I find myself simultaneously drawn to and repelled by the sheer quantity of man-made objects in this world.
Do you know what I mean?
To start off the experiment that is Jessica Williams' one year exhibition at House of Foundation, she presents three installations of recent artists' books, a site-specific wall painting, and a reading room with titles from Good Press.
Artists' books, at their best, are a medium like no other. Piles of paper are transformed through repurposed obsolete office technology and the human hand into artworks in and of themselves. The container and content are one: accessible to both the creator and consumer. From seemingly nothing special emerges an affordable, intimate and tactile object that you can hold in your hands, stow away in your pocket or under an arm, and consume equally well in public or in utmost secrecy. What else is so portable and free, full of determination and vision, and mutable enough to both embrace and break conventions? Free of targeted advertisements and mindless scrolling, artists' books are a physical reminder of the vast, complex and sensual world from which they derive.
pile, 2022
Made for the opening exhibition at the National Museum, this work is a meditation upon physical prints, the past, the future, and artistic value. Fill out a card, make a book.

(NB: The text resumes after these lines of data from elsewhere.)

lemma cinner_self: "cinner x (x::'a::complex_inner) = complex_of_real ((norm x)\<^sup>2)"
proof -
  have "Im (cinner x x) = 0"
    using cinner_conj[of x x]
    by (metis complex_cnj_cancel_iff complex_cnj_zero_iff complex_is_Real_iff Reals_cnj_iff)
  moreover have "Re (cinner x x) = (norm x)\<^sup>2"
    using norm_eq_sqrt_cinner[of x] cinner_ge_zero[of x] by simp
  ultimately show ?thesis
    by (simp add: complex_eq_iff)
qed

lemma cinner_normalize_self:
  assumes "x \<noteq> 0"
  shows "cinner (cscale (1 / norm x) x) (cscale (1 / norm x) (x::'a::complex_inner)) = 1"
proof -
  have "cinner (cscale (1 / norm x) x) (cscale (1 / norm x) x)
      = complex_of_real (1 / norm x) * complex_of_real (1 / norm x) * cinner x x"
    by (simp add: cinner_cscale_left cinner_cscale_right)
  then show ?thesis
    using assms by (simp add: cinner_self power2_eq_square)
qed

definition orthonormal_on :: "'b set \<Rightarrow> ('b \<Rightarrow> 'a::complex_inner) \<Rightarrow> bool" where
  "orthonormal_on I e \<longleftrightarrow> (\<forall>i\<in>I. \<forall>j\<in>I. cinner (e i) (e j) = (if i = j then 1 else 0))"

lemma orthonormal_on_norm: "orthonormal_on I e \<Longrightarrow> i \<in> I \<Longrightarrow> norm (e i) = 1"
  using norm_eq_sqrt_cinner[of "e i"] by (simp add: orthonormal_on_def)

lemma cinner_sum_orthonormal_left:
  assumes "finite I" "orthonormal_on I e" "k \<in> I"
  shows "cinner (\<Sum>i\<in>I. cscale (c i) (e i)) (e k) = c (k::'b)"
proof -
  have "cinner (\<Sum>i\<in>I. cscale (c i) (e i)) (e k) = (\<Sum>i\<in>I. if i = k then c i else 0)"
    unfolding cinner_sum_left cinner_cscale_left
    by (rule sum.cong) (use assms in \<open>auto simp: orthonormal_on_def\<close>)
  then show ?thesis
    using assms by simp
qed

lemma bessel_inequality:
  fixes e :: "'b \<Rightarrow> 'a::complex_inner"
  assumes "finite I" "orthonormal_on I e"
  shows "(\<Sum>i\<in>I. (cmod (cinner (e i) v))\<^sup>2) \<le> (norm v)\<^sup>2"
proof -
  define a where "a i = cinner v (e i)" for i
  define u where "u = (\<Sum>i\<in>I. cscale (a i) (e i))"
  define s where "s = (\<Sum>i\<in>I. (cmod (a i))\<^sup>2)"
  have s: "(\<Sum>i\<in>I. a i * cnj (a i)) = complex_of_real s"
    unfolding s_def of_real_sum by (simp only: complex_norm_square)
  have "cinner u (e i) = a i" if "i \<in> I" for i
    unfolding u_def using assms that by (rule cinner_sum_orthonormal_left)
  then have "cinner (e i) u = cnj (a i)" if "i \<in> I" for i
    using cinner_conj[of "e i" u] that by simp
  then have uu: "cinner u u = complex_of_real s"
  proof -
    have "cinner u u = (\<Sum>i\<in>I. a i * cinner (e i) u)"
      by (simp add: u_def cinner_sum_left cinner_cscale_left)
    also have "\<dots> = complex_of_real s"
      unfolding s[symmetric] by (rule sum.cong) (simp_all add: \<open>\<And>i. i \<in> I \<Longrightarrow> cinner (e i) u = cnj (a i)\<close>)
    finally show ?thesis .
  qed
  have vu: "cinner v u = complex_of_real s"
    unfolding s[symmetric] by (simp add: u_def cinner_sum_right cinner_cscale_right a_def mult.commute)
  then have uv: "cinner u v = complex_of_real s"
    using cinner_conj[of u v] by simp
  have "cinner (v - u) (v - u) = cinner v v - cinner v u - cinner u v + cinner u u"
    by (simp add: cinner_diff_left cinner_diff_right)
  also have "\<dots> = complex_of_real ((norm v)\<^sup>2 - s)"
    unfolding vu uu uv cinner_self[of v] by simp
  finally have "0 \<le> (norm v)\<^sup>2 - s"
    using cinner_ge_zero[of "v - u"] by simp
  moreover have "(\<Sum>i\<in>I. (cmod (cinner (e i) v))\<^sup>2) = s"
    unfolding s_def a_def by (intro sum.cong refl) (metis cinner_conj complex_mod_cnj)
  ultimately show ?thesis
    by simp
qed

lemma norm_cinner_le: "cmod (cinner x y) \<le> norm x * norm (y::'a::complex_inner)"
proof (cases "y = 0")
  case True
  then show ?thesis by simp
next
  case False
  define e where "e = cscale (1 / norm y) y"
  have "orthonormal_on {()} (\<lambda>_. e)"
    using cinner_normalize_self[OF False] by (simp add: orthonormal_on_def e_def)
  then have "(cmod (cinner e x))\<^sup>2 \<le> (norm x)\<^sup>2"
    using bessel_inequality[of "{()}"] by simp
  moreover have "cmod (cinner e x) = cmod (cinner x e)"
    by (metis cinner_conj complex_mod_cnj)
  ultimately have "cmod (cinner x e) \<le> norm x"
    by (simp add: power2_le_iff_abs_le)
  moreover have "cinner x e = cinner x y / norm y"
    by (simp add: e_def cinner_cscale_right)
  ultimately show ?thesis
    using False by (simp add: norm_divide divide_le_eq mult.commute)
qed

lemma bounded_linear_cinner_right: "bounded_linear (cinner (f::'a::complex_inner))"
proof (rule bounded_linear_intro[where K = "norm f"])
  show "cinner f (r *\<^sub>R x) = r *\<^sub>R cinner f x" for r x
    by (simp add: scaleR_cscale cinner_cscale_right scaleR_conv_of_real)
  show "norm (cinner f x) \<le> norm x * norm f" for x
    using norm_cinner_le[of f x] by (simp add: mult.commute)
qed (rule cinner_add_right)

lemma orthonormal_on_insert:
  assumes "orthonormal_on I e" "cinner w w = 1" "\<And>k. k \<in> I \<Longrightarrow> cinner w (e k) = 0"
  shows "orthonormal_on (insert i I) (e(i := w))"
proof -
  have "cinner (e k) w = 0" if "k \<in> I" for k
    using assms(3)[OF that] cinner_conj[of "e k" w] by simp
  then show ?thesis
    using assms by (auto simp: orthonormal_on_def)
qed

lemma orthonormal_on_inj_on: "orthonormal_on I e \<Longrightarrow> inj_on e I"
  by (rule inj_onI) (metis one_neq_zero orthonormal_on_def)

text \<open>Gram--Schmidt: a vector outside the span of \<open>e ` {..<N}\<close>, with its projection removed
  and normalized, extends the family.\<close>
lemma infinite_dimensional_orthonormal_family:
  assumes "infinite_dimensional TYPE('a::complex_inner)"
  shows "\<exists>e::nat \<Rightarrow> 'a. orthonormal_on {..<N} e"
proof (induction N)
  case 0
  show ?case by (simp add: orthonormal_on_def)
next
  case (Suc N)
  then obtain e :: "nat \<Rightarrow> 'a" where on: "orthonormal_on {..<N} e"
    by blast
  obtain x :: 'a where x: "\<And>c. x \<noteq> (\<Sum>s\<in>e ` {..<N}. cscale (c s) s)"
    using assms unfolding infinite_dimensional_def by blast
  define w where "w = x - (\<Sum>i<N. cscale (cinner x (e i)) (e i))"
  have "w \<noteq> 0"
  proof
    assume "w = 0"
    then have "x = (\<Sum>i<N. cscale (cinner x (e i)) (e i))"
      by (simp add: w_def)
    also have "\<dots> = (\<Sum>s\<in>e ` {..<N}. cscale (cinner x s) s)"
      by (simp add: sum.reindex[OF orthonormal_on_inj_on[OF on]])
    finally show False
      using x by blast
  qed
  have "cinner w (e k) = 0" if "k < N" for k
    using cinner_sum_orthonormal_left[OF _ on, of k "\<lambda>i. cinner x (e i)"] that
    by (simp add: w_def cinner_diff_left)
  then have "orthonormal_on (insert N {..<N}) (e(N := cscale (1 / norm w) w))"
    by (intro orthonormal_on_insert[OF on cinner_normalize_self[OF \<open>w \<noteq> 0\<close>]])
      (simp add: cinner_cscale_left)
  then show ?case
    by (auto simp: lessThan_Suc)
qed

lemma Cauchy_blinfun_uniform_convergence:
  fixes X :: "nat \<Rightarrow> 'a::real_normed_vector \<Rightarrow>\<^sub>L 'b::real_normed_vector"
  assumes X: "Cauchy X" and v: "\<And>x. (\<lambda>n. X n x) \<longlonglongrightarrow> v x" and "e > 0"
  shows "\<exists>N. \<forall>n\<ge>N. \<forall>x. norm (X n x - v x) \<le> e * norm x"
proof -
  obtain N where N: "\<And>m n. m \<ge> N \<Longrightarrow> n \<ge> N \<Longrightarrow> norm (X m - X n) < e"
    using CauchyD[OF X \<open>e > 0\<close>] by blast
  have "norm (X n x - v x) \<le> e * norm x" if "n \<ge> N" for n x
  proof (rule tendsto_le[OF trivial_limit_sequentially tendsto_const])
    show "(\<lambda>m. norm (X n x - X m x)) \<longlonglongrightarrow> norm (X n x - v x)"
      by (intro tendsto_intros v)
    show "\<forall>\<^sub>F m in sequentially. norm (X n x - X m x) \<le> e * norm x"
      using eventually_ge_at_top[of N]
    proof eventually_elim
      case (elim m)
      have "norm (X n x - X m x) \<le> norm (X n - X m) * norm x"
        by (metis blinfun.diff_left norm_blinfun)
      also have "\<dots> \<le> e * norm x"
        using N[OF \<open>n \<ge> N\<close> elim] by (simp add: mult_right_mono)
      finally show ?case .
    qed
  qed
  then show ?thesis
    by blast
qed

text \<open>The library instance \<open>blinfun :: (real_normed_vector, banach) banach\<close> does not apply here:
  the sort \<open>{real_normed_vector, complete_space}\<close> of the Hilbert space is not recognised as
  \<open>banach\<close>.\<close>
lemma convergent_blinfun_if_Cauchy:
  fixes X :: "nat \<Rightarrow> 'a::real_normed_vector \<Rightarrow>\<^sub>L 'b::{real_normed_vector, complete_space}"
  assumes X: "Cauchy X"
  shows "convergent X"
proof -
  have "Cauchy (\<lambda>n. X n x)" for x
    using bounded_linear.Cauchy[OF blinfun.bounded_linear_left X] .
  then obtain v where v: "\<And>x. (\<lambda>n. X n x) \<longlonglongrightarrow> v x"
    unfolding Cauchy_convergent_iff convergent_def by metis
  note uniform = Cauchy_blinfun_uniform_convergence[OF X v]
  then obtain N1 where N1: "\<And>x. norm (X N1 x - v x) \<le> norm x"
    by (metis mult_1 zero_less_one order_refl)
  have "bounded_linear v"
  proof
    show "v (x + y) = v x + v y" for x y
      using tendsto_add[OF v[of x] v[of y]] by (intro LIMSEQ_unique[OF v]) (simp add: blinfun.add_right)
    show "v (r *\<^sub>R x) = r *\<^sub>R v x" for r x
      using tendsto_scaleR[OF tendsto_const v[of x]] by (intro LIMSEQ_unique[OF v]) (simp add: blinfun.scaleR_right)
    have "norm (v x) \<le> norm x * (norm (X N1) + 1)" for x
      using norm_triangle_ineq4[of "X N1 x" "X N1 x - v x"] norm_blinfun[of "X N1" x] N1[of x]
      by (simp add: algebra_simps)
    then show "\<exists>K. \<forall>x. norm (v x) \<le> norm x * K"
      by blast
  qed
  have "X \<longlonglongrightarrow> Blinfun v"
  proof (rule LIMSEQ_I)
    fix r :: real
    assume "r > 0"
    then obtain N where N: "\<And>n x. n \<ge> N \<Longrightarrow> norm (X n x - v x) \<le> r / 2 * norm x"
      using uniform[of "r / 2"] by auto
    have "norm (X n - Blinfun v) \<le> r / 2" if "n \<ge> N" for n
      using \<open>r > 0\<close> N[OF that]
      by (intro norm_blinfun_bound) (simp_all add: blinfun.diff_left bounded_linear_Blinfun_apply[OF \<open>bounded_linear v\<close>])
    then show "\<exists>N. \<forall>n\<ge>N. norm (X n - Blinfun v) < r"
      using \<open>r > 0\<close> by (smt (verit) field_sum_of_halves)
  qed
  then show ?thesis
    by (rule convergentI)
qed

Reimagining the data center as mycelium, 2021
A multifaceted work reimagines and draws lines between a proposed Google data center in a forest in Grenland and complex underground webs of mycelium, both of which are simultaneously gargantuan yet hidden from view and thus difficult for humans to grasp the sheer size of.
The physical presentation of the non-book part of this work has changed every time it has been exhibited. The current iteration recycles a large scale vinyl print last shown at the 2022 Vårutstilling paired with abstracted 3D-prints of mushrooms grown by the artist.
It me, 2019
A subjective survey of online identity politics in a format we all have a personal relationship to. Sit down, relax, and deep dive with me into a decade worth of screenshots.
Jessica Williams (b. 1986, Anchorage) is a conceptual artist and publisher whose vast practice hinges on the act of seeing. Her works, often collective and collaborative, beg the audience to reconsider that what they do not or cannot see in their everyday lives. She has worked with everything from self-publishing and experimental artist books to photography and virtual reality, and is especially interested in intimate and haptic experiences.
Lately, Williams has worked with an experimental exhibition that spans over an entire calendar year at House of Foundation in Moss and is concerned with publishing, community, and identity. She has previously worked with strange bits of ocean plastic foraged in the inner Oslofjord that look like bits of real rock, and investigated the connection between mycelium and data centers: both of which are gigantic, invisible and affect us more than we know.
The publications and works in this exhibition were made thanks to the financial support of Fritt Ord, Grafill, Nasjonalmuseet and Arts and Culture Norway: Project Support and the Pilot for the distribution and display of artists' books.